San Diego-based Sempra Energy remained tight-lipped Wednesday about reports that JPMorgan Chase is now the exclusive bidder for the Royal Bank of Scotland’s (RBS) 51% share of its trading joint venture with a unit of Sempra. The price remains close to $4 billion for the unit, which trades energy, metals and other commodities through RBS Sempra Commodities, according to reports by news service Reuters.
Recent reports identified three leading bidders for the RBS stake, and as reported by NGI late last year, Sempra has said it wants to remain in the lucrative trading space (see Daily GPI, Dec. 14, 2009). Spokespeople for the utility holding company continue to refuse to confirm or deny the current reports. A San Diego-based spokesperson Wednesday refused to comment on the latest speculation.
A trio of bids in the $4 billion area were cited, with the three leading bidders said to be Deutsche Bank, JPMorgan Chase and Australia-based Macquarie Group. The latter firm has been rapidly expanding its energy sector footprint in North America in recent years, including physical trading operations centered around major utilities in the Pacific Northwest and western Pennsylvania (see Daily GPI, Jan. 13).
RBS paid $1.7 billion for its majority interest in the RBS Sempra Commodities joint venture when it was formed in April 2008 (see Daily GPI, April 2, 2008).
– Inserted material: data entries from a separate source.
lemma hs_inner_outer:
  assumes v: "v \<in> carrier_vec n" and A: "A \<in> carrier_mat n n"
  shows "hs_inner (outer v) A = qform n v A"
proof -
  have O: "outer v \<in> carrier_mat n n" using v by (simp add: outer_def)
  have entry: "outer v $$ (i, j) = v $ i * cnj (v $ j)" if "i < n" "j < n" for i j
    using v that by (simp add: outer_def)
  have "mat_adjoint (outer v) = outer v"
    using O carrier_matD[OF index_mat_adjoint(1)[OF O]]
    by (intro eq_matI) (auto simp: index_mat_adjoint[OF O] entry)
  then have "hs_inner (outer v) A = (\<Sum>i<n. \<Sum>t<n. v $ i * cnj (v $ t) * A $$ (t, i))"
    unfolding hs_inner_def mtrace_def using O v index_mult_mat_sum[OF O A]
    by (auto simp: outer_def intro!: sum.cong)
  also have "\<dots> = qform n v A"
    unfolding qform_def by (subst sum.swap) (auto intro!: sum.cong simp: mult_ac)
  finally show ?thesis .
qed

section \<open>Spectral scores\<close>

definition meas_dist :: "nat \<Rightarrow> (nat \<Rightarrow> complex vec) \<Rightarrow> complex mat \<Rightarrow> nat \<Rightarrow> real" where
  "meas_dist n x \<rho> y = (if y < n then Re (qform n (x y) \<rho>) else 0)"

lemma spec_exp_score_meas_dist:
  assumes \<mu>: "\<forall>y<n. \<mu> \<rho>' y = outer (x y)" and x: "orthonormal_basis n x"
    and \<rho>: "\<rho> \<in> carrier_mat n n"
  shows "spec_exp_score n s \<mu> \<rho>' \<rho> = exp_score n s (eigvals n \<rho>') (meas_dist n x \<rho>)"
proof -
  have "Re (hs_inner (\<mu> \<rho>' y) \<rho>) = meas_dist n x \<rho> y" if "y < n" for y
    using \<mu> hs_inner_outer[OF orthonormal_basis_carrier[OF x that] \<rho>] that
    by (simp add: meas_dist_def)
  then show ?thesis
    unfolding spec_exp_score_def exp_score_def Let_def by (intro sum.cong) auto
qed

lemma meas_dist_spectral_mat_basis:
  assumes "orthonormal_basis n x" "l \<in> simplex n"
  shows "meas_dist n x (spectral_mat n x l) = l"
  using assms qform_spectral_mat_basis[OF assms(1)] by (auto simp: meas_dist_def simplex_def)

definition overlap :: "nat \<Rightarrow> (nat \<Rightarrow> complex vec) \<Rightarrow> (nat \<Rightarrow> complex vec) \<Rightarrow> nat \<Rightarrow> nat \<Rightarrow> real" where
  "overlap n x' x y z = (cmod (cinner n (x' y) (x z)))\<^sup>2"

lemma doubly_stochastic_overlap:
  assumes x': "orthonormal_basis n x'" and x: "orthonormal_basis n x"
  shows "doubly_stochastic n (overlap n x' x)"
proof -
  have norm1: "(\<Sum>z<n. (cmod (cinner n (x' y) (x z)))\<^sup>2) = 1"
    if "orthonormal_basis n x" "orthonormal_basis n x'" "y < n" for x x' y
  proof -
    have "complex_of_real (\<Sum>z<n. (cmod (cinner n (x' y) (x z)))\<^sup>2) = cinner n (x' y) (x' y)"
      by (rule parseval[OF that(1)])
    also have "\<dots> = 1" using that(2,3) by (simp add: orthonormal_basis_def)
    finally show ?thesis by (simp only: of_real_eq_1_iff)
  qed
  show ?thesis
    unfolding doubly_stochastic_def overlap_def
    using norm1[OF x x'] norm1[OF x' x] by (simp add: cinner_commute[of n "x _"])
qed

lemma meas_dist_spectral_mat:
  "meas_dist n x' (spectral_mat n x l) = stoch_apply n (overlap n x' x) l"
  unfolding meas_dist_def stoch_apply_def overlap_def qform_spectral_mat
  by (rule ext) (simp add: Re_sum mult.commute)

lemma eigvals_spectral_mat_simplex:
  assumes "orthonormal_basis n x" "\<pi> permutes {..<n}" "l \<in> simplex n" "sorted_desc n (\<lambda>i. l (\<pi> i))"
  shows "eigvals n (spectral_mat n x l) = l \<circ> \<pi>"
  using eigvals_spectral_mat[OF assms(1,2,4)] simplex_permute[OF assms(2,3)]
  by (auto simp: simplex_def)

lemma spectral_mat_eq_if_overlap:
  assumes x: "orthonormal_basis n x" and x': "orthonormal_basis n x'"
    and l: "\<forall>y<n. \<forall>z<n. overlap n x' x y z \<noteq> 0 \<longrightarrow> l z = l' y"
  shows "spectral_mat n x l = spectral_mat n x' l'"
proof (rule spectral_mat_eqI[OF x' spectral_mat_carrier], intro allI impI)
  fix y i assume "y < n" "i < n"
  have "(\<Sum>j<n. spectral_mat n x l $$ (i, j) * x' y $ j) =
      (\<Sum>z<n. complex_of_real (l z) * x z $ i * cinner n (x' y) (x z))"
    by (rule spectral_mat_mult_vec[OF \<open>i < n\<close>])
  also have "\<dots> = complex_of_real (l' y) * (\<Sum>z<n. cinner n (x' y) (x z) * x z $ i)"
    unfolding sum_distrib_left using l \<open>y < n\<close> by (intro sum.cong) (auto simp: overlap_def)
  also have "\<dots> = complex_of_real (l' y) * x' y $ i"
    using orthonormal_basis_expansion[OF x \<open>i < n\<close>] by simp
  finally show "(\<Sum>j<n. spectral_mat n x l $$ (i, j) * x' y $ j) = complex_of_real (l' y) * x' y $ i" .
qed

lemma eigvals_Dens:
  assumes "spectral_measurement n \<mu>" "\<rho> \<in> Dens n"
  shows "eigvals n \<rho> \<in> simplex n" "sorted_desc n (eigvals n \<rho>)"
  by (rule Dens_spectral_decomposition[OF assms]; assumption)+

lemma spec_exp_score_self:
  assumes "spectral_measurement n \<mu>" "\<rho> \<in> Dens n"
  shows "spec_exp_score n s \<mu> \<rho> \<rho> = exp_score n s (eigvals n \<rho>) (eigvals n \<rho>)"
proof -
  obtain x where x: "orthonormal_basis n x" and \<mu>\<rho>: "\<forall>y<n. \<mu> \<rho> y = outer (x y)"
    and \<rho>_eq: "\<rho> = spectral_mat n x (eigvals n \<rho>)" and eig: "eigvals n \<rho> \<in> simplex n"
    by (rule Dens_spectral_decomposition[OF assms])
  have "meas_dist n x \<rho> = eigvals n \<rho>"
    by (subst \<rho>_eq) (rule meas_dist_spectral_mat_basis[OF x eig])
  then show ?thesis
    using spec_exp_score_meas_dist[of n \<mu> \<rho> x \<rho> s, OF \<mu>\<rho> x] assms(2) by (simp add: Dens_def)
qed

text \<open>\<open>B\<close> is the overlap matrix of the eigenbases of \<open>\<rho>'\<close> and \<open>\<rho>\<close>.\<close>

lemma spec_exp_score_overlap:
  assumes \<mu>: "spectral_measurement n \<mu>" and \<rho>: "\<rho> \<in> Dens n" and \<rho>': "\<rho>' \<in> Dens n"
  obtains B where "doubly_stochastic n B"
    "spec_exp_score n s \<mu> \<rho>' \<rho> = exp_score n s (eigvals n \<rho>') (stoch_apply n B (eigvals n \<rho>))"
    "\<lbrakk>stoch_apply n B (eigvals n \<rho>) = eigvals n \<rho>';
      (\<Sum>y<n. (eigvals n \<rho>' y)\<^sup>2) = (\<Sum>z<n. (eigvals n \<rho> z)\<^sup>2)\<rbrakk> \<Longrightarrow> \<rho>' = \<rho>"
proof -
  obtain x where x: "orthonormal_basis n x" and \<rho>_eq: "\<rho> = spectral_mat n x (eigvals n \<rho>)"
    by (rule Dens_spectral_decomposition[OF \<mu> \<rho>])
  obtain x' where x': "orthonormal_basis n x'" and \<mu>\<rho>': "\<forall>y<n. \<mu> \<rho>' y = outer (x' y)"
    and \<rho>'_eq: "\<rho>' = spectral_mat n x' (eigvals n \<rho>')"
    by (rule Dens_spectral_decomposition[OF \<mu> \<rho>'])
  define B where "B = overlap n x' x"
  have B: "doubly_stochastic n B" unfolding B_def by (rule doubly_stochastic_overlap[OF x' x])
  have "spec_exp_score n s \<mu> \<rho>' \<rho> = exp_score n s (eigvals n \<rho>') (stoch_apply n B (eigvals n \<rho>))"
    using spec_exp_score_meas_dist[of n \<mu> \<rho>' x' \<rho> s, OF \<mu>\<rho>' x'] \<rho>
    unfolding B_def meas_dist_spectral_mat[symmetric] \<rho>_eq[symmetric] by (simp add: Dens_def)
  moreover have "\<rho>' = \<rho>"
    if w: "stoch_apply n B (eigvals n \<rho>) = eigvals n \<rho>'"
      and squares: "(\<Sum>y<n. (eigvals n \<rho>' y)\<^sup>2) = (\<Sum>z<n. (eigvals n \<rho> z)\<^sup>2)"
  proof -
    have "eigvals n \<rho> z = eigvals n \<rho>' y" if "y < n" "z < n" "B y z \<noteq> 0" for y z
      using doubly_stochastic_equal_sum_squares[OF B _ that] squares w[symmetric] that(1)
      by (simp add: stoch_apply_def)
    then have "spectral_mat n x (eigvals n \<rho>) = spectral_mat n x' (eigvals n \<rho>')"
      unfolding B_def by (intro spectral_mat_eq_if_overlap[OF x x']) auto
    then show ?thesis using \<rho>_eq \<rho>'_eq by argo
  qed
  ultimately show thesis using that B by blast
qed

lemma exp_score_stoch_apply_le_rearranged:
  assumes "regular n s" "doubly_stochastic n B" "lam \<in> simplex n" "sorted_desc n lam" "q \<in> simplex n"
  obtains \<tau> where "\<tau> permutes {..<n}"
    "exp_score n s q (stoch_apply n B lam) \<le> exp_score n s q (lam \<circ> \<tau>)"
proof -
  obtain \<sigma> where \<sigma>: "\<sigma> permutes {..<n}" "sorted_desc n (\<lambda>i. s q (\<sigma> i))"
    using ex_sorting_permutation by blast
  show thesis
    using that[OF permutes_inv[OF \<sigma>(1)]] exp_score_stoch_apply_le[where s = s and q = q, OF assms(2-4) \<sigma>]
      regular_score_not_PInf[OF assms(1,5)] by blast
qed

lemma proper_exp_score_stoch_apply_le:
  assumes s: "perm_invariant n s" "regular n s" "proper n s"
    and B: "doubly_stochastic n B" and lam: "lam \<in> simplex n" "sorted_desc n lam" and q: "q \<in> simplex n"
  shows "exp_score n s q (stoch_apply n B lam) \<le> exp_score n s lam lam"
proof -
  obtain \<tau> where \<tau>: "\<tau> permutes {..<n}"
    and le: "exp_score n s q (stoch_apply n B lam) \<le> exp_score n s q (lam \<circ> \<tau>)"
    by (rule exp_score_stoch_apply_le_rearranged[OF s(2) B lam q])
  note le
  also have "\<dots> \<le> exp_score n s (lam \<circ> \<tau>) (lam \<circ> \<tau>)"
    using s(3) simplex_permute[OF \<tau> lam(1)] q unfolding proper_def by blast
  also have "\<dots> = exp_score n s lam lam" by (rule exp_score_permute[OF s(1) \<tau> lam(1)])
  finally show ?thesis .
qed

lemma proper_imp_truthful:
  assumes s: "perm_invariant n s" "regular n s" "proper n s" and \<mu>: "spectral_measurement n \<mu>"
  shows "truthful n s \<mu>"
  unfolding truthful_def
proof (intro ballI)
  fix \<rho> \<rho>' assume \<rho>: "\<rho> \<in> Dens n" and \<rho>': "\<rho>' \<in> Dens n"
  obtain B where "doubly_stochastic n B"
    and "spec_exp_score n s \<mu> \<rho>' \<rho> = exp_score n s (eigvals n \<rho>') (stoch_apply n B (eigvals n \<rho>))"
    using spec_exp_score_overlap[OF \<mu> \<rho> \<rho>', where s = s] by blast
  then show "spec_exp_score n s \<mu> \<rho>' \<rho> \<le> spec_exp_score n s \<mu> \<rho> \<rho>"
    using proper_exp_score_stoch_apply_le[OF s] eigvals_Dens[OF \<mu>] \<rho> \<rho>'
      spec_exp_score_self[OF \<mu> \<rho>] by simp
qed

text \<open>With \<open>\<lambda> = \<lambda>(\<rho>)\<close>, \<open>\<lambda>' = \<lambda>(\<rho>')\<close> and \<open>w = B \<lambda>\<close>, the chain
  \<open>S(\<rho>';\<rho>) = E(\<lambda>';w) \<le> E(w;w) \<le> E(w;\<lambda>\<circ>\<tau>) \<le> E(\<lambda>\<circ>\<tau>;\<lambda>\<circ>\<tau>) = S(\<rho>;\<rho>)\<close> has a strict step
  unless \<open>\<lambda>' = w = \<lambda>\<circ>\<tau>\<close>, and then \<open>\<rho>' = \<rho>\<close>.\<close>

lemma strictly_proper_imp_strictly_truthful:
  assumes s: "perm_invariant n s" "regular n s" "strictly_proper n s"
    and \<mu>: "spectral_measurement n \<mu>"
  shows "strictly_truthful n s \<mu>"
  unfolding strictly_truthful_def
proof (intro ballI impI)
  fix \<rho> \<rho>' assume \<rho>: "\<rho> \<in> Dens n" and \<rho>': "\<rho>' \<in> Dens n" and "\<rho>' \<noteq> \<rho>"
  have proper: "proper n s" by (rule strictly_proper_imp_proper[OF s(3)])
  define lam lam' where "lam = eigvals n \<rho>" and "lam' = eigvals n \<rho>'"
  have lam: "lam \<in> simplex n" "sorted_desc n lam" and lam': "lam' \<in> simplex n"
    unfolding lam_def lam'_def using eigvals_Dens[OF \<mu>] \<rho> \<rho>' by auto
  obtain B where B: "doubly_stochastic n B"
    and score: "spec_exp_score n s \<mu> \<rho>' \<rho> = exp_score n s lam' (stoch_apply n B lam)"
    and recover: "\<lbrakk>stoch_apply n B lam = lam'; (\<Sum>y<n. (lam' y)\<^sup>2) = (\<Sum>z<n. (lam z)\<^sup>2)\<rbrakk> \<Longrightarrow> \<rho>' = \<rho>"
    using spec_exp_score_overlap[OF \<mu> \<rho> \<rho>', where s = s] unfolding lam_def lam'_def by blast
  define w where "w = stoch_apply n B lam"
  have w: "w \<in> simplex n" unfolding w_def by (rule stoch_apply_simplex[OF B lam(1)])
  have "exp_score n s lam' w < exp_score n s lam lam"
  proof (cases "lam' = w")
    case False
    then have "exp_score n s lam' w < exp_score n s w w"
      using s(3) w lam' unfolding strictly_proper_def by blast
    also have "\<dots> \<le> exp_score n s lam lam"
      unfolding w_def using proper_exp_score_stoch_apply_le[OF s(1,2) proper B lam] w w_def by simp
    finally show ?thesis .
  next
    case True
    obtain \<tau> where \<tau>: "\<tau> permutes {..<n}" and le: "exp_score n s w w \<le> exp_score n s w (lam \<circ> \<tau>)"
      using exp_score_stoch_apply_le_rearranged[OF s(2) B lam w] unfolding w_def by blast
    have "w \<noteq> lam \<circ> \<tau>"
    proof
      assume "w = lam \<circ> \<tau>"
      then have "(\<Sum>y<n. (lam' y)\<^sup>2) = (\<Sum>z<n. (lam z)\<^sup>2)"
        using True sum.permute[OF \<tau>, of "\<lambda>z. (lam z)\<^sup>2"] by (simp add: comp_def)
      then show False using recover True \<open>\<rho>' \<noteq> \<rho>\<close> unfolding w_def by blast
    qed
    then have "exp_score n s w (lam \<circ> \<tau>) < exp_score n s (lam \<circ> \<tau>) (lam \<circ> \<tau>)"
      using s(3) w simplex_permute[OF \<tau> lam(1)] unfolding strictly_proper_def by blast
    also have "\<dots> = exp_score n s lam lam" by (rule exp_score_permute[OF s(1) \<tau> lam(1)])
    finally show ?thesis using le True by simp
  qed
  then show "spec_exp_score n s \<mu> \<rho>' \<rho> < spec_exp_score n s \<mu> \<rho> \<rho>"
    using score spec_exp_score_self[OF \<mu> \<rho>] unfolding w_def lam_def by simp
qed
Investment bank Lazard Ltd. is handling the potential sale for RBS, but it would not comment on reports that an announcement was only a few weeks away. A transaction is expected in late January or February, according to Reuters.
The RBS joint venture pullout was prompted in early last November as part of its much larger restructuring with United Kingdom and European Commission (EC) financial authorities since the UK government now owns the majority interest in RBS. Initial reports that this move was imminent surfaced out of the UK early last November and Sempra issued a statement at that time to try to assure investors that any breakup would be orderly and could take several years.
Reuters reported Wednesday that JPMorgan has recently picked up both assets and market share, and last Friday reported fourth quarter 2009 profits of $3.3 billion, driven by its investment banking operations. It reportedly is willing to pay a higher price than the other two suitors.